- _What you need to do_
Set out exactly, and with nothing added, the line containing "definition wzero :: weight" and every line after it through the final line of the data.

(Extracted records)
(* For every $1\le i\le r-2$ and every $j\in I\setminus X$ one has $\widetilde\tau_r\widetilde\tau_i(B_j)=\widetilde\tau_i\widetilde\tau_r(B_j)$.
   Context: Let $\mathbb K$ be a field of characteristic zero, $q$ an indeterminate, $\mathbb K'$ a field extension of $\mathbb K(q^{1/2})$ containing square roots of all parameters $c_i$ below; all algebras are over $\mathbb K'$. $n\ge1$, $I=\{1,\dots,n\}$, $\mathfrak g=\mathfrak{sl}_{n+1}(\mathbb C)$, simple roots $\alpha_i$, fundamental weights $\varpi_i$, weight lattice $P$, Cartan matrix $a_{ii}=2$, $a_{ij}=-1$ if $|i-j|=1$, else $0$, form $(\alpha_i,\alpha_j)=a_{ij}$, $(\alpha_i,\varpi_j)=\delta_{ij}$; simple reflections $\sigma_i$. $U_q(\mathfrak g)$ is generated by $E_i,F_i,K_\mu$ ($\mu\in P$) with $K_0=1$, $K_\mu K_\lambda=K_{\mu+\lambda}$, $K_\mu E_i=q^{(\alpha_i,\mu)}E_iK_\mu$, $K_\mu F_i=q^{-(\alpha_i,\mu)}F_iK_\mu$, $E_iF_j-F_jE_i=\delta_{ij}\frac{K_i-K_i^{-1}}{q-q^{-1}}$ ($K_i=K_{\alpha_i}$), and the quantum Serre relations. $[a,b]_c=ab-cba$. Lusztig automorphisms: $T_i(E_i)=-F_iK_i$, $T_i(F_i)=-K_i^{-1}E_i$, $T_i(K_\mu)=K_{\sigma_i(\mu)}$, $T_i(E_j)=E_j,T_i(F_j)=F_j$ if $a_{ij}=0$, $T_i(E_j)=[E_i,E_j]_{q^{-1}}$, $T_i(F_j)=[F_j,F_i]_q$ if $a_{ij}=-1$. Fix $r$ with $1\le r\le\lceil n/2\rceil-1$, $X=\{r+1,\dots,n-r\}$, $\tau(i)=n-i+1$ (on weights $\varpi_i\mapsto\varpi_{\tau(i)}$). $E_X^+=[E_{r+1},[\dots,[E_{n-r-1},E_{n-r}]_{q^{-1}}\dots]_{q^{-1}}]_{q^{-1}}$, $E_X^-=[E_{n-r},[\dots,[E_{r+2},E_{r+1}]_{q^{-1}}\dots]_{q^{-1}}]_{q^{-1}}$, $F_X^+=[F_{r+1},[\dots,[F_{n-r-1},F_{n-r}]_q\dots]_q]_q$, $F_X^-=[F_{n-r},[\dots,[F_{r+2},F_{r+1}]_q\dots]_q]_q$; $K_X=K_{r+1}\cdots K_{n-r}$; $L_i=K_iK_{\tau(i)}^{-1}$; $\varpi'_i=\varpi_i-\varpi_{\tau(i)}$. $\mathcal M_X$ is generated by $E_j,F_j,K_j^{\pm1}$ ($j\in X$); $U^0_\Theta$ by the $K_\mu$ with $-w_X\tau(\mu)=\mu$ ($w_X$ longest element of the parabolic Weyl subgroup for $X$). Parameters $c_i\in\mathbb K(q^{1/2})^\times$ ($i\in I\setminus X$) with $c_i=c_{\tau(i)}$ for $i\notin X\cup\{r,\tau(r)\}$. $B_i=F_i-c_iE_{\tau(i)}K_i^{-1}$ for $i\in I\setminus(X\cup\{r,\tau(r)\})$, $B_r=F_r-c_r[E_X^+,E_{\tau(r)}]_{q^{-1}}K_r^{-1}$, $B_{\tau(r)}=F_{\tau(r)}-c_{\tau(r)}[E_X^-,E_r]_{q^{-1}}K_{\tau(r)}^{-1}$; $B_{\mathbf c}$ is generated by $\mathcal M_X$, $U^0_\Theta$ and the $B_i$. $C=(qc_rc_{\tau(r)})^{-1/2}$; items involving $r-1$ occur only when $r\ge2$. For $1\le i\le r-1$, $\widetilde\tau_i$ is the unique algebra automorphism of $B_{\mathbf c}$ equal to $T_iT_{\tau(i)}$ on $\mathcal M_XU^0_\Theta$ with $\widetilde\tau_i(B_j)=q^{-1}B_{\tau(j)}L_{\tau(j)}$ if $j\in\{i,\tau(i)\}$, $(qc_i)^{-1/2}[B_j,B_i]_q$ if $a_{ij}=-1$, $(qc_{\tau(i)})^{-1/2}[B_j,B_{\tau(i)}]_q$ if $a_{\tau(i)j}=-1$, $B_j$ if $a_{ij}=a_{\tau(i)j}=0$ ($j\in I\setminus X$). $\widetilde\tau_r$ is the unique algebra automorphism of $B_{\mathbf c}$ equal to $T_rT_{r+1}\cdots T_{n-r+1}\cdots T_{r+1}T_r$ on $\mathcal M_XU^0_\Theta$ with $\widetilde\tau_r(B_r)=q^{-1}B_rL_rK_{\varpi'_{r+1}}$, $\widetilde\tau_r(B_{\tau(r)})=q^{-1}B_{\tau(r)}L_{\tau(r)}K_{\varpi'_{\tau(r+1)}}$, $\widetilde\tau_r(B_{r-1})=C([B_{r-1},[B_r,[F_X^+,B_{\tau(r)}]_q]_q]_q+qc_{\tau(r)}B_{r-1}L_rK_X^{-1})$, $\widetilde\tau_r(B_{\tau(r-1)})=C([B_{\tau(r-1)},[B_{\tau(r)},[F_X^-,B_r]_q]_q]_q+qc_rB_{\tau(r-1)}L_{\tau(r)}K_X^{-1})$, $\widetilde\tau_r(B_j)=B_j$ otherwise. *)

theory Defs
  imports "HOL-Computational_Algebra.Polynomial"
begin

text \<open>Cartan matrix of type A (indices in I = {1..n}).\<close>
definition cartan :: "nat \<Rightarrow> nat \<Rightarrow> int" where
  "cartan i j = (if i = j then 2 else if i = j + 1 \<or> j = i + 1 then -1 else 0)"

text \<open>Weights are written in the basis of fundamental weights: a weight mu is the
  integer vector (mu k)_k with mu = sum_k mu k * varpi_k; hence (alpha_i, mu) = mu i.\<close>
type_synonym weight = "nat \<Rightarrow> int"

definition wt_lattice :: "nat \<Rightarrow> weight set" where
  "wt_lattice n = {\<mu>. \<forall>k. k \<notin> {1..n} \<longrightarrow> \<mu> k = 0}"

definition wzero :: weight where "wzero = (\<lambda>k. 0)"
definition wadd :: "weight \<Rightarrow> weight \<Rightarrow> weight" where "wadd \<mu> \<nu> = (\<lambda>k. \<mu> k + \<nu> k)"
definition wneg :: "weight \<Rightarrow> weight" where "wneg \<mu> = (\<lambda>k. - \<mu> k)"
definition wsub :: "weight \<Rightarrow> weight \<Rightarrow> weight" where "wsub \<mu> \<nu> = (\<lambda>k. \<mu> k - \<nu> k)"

- _Worked solution_
definition wzero :: weight where "wzero = (\<lambda>k. 0)"
definition wadd :: "weight \<Rightarrow> weight \<Rightarrow> weight" where "wadd \<mu> \<nu> = (\<lambda>k. \<mu> k + \<nu> k)"
definition wneg :: "weight \<Rightarrow> weight" where "wneg \<mu> = (\<lambda>k. - \<mu> k)"
definition wsub :: "weight \<Rightarrow> weight \<Rightarrow> weight" where "wsub \<mu> \<nu> = (\<lambda>k. \<mu> k - \<nu> k)"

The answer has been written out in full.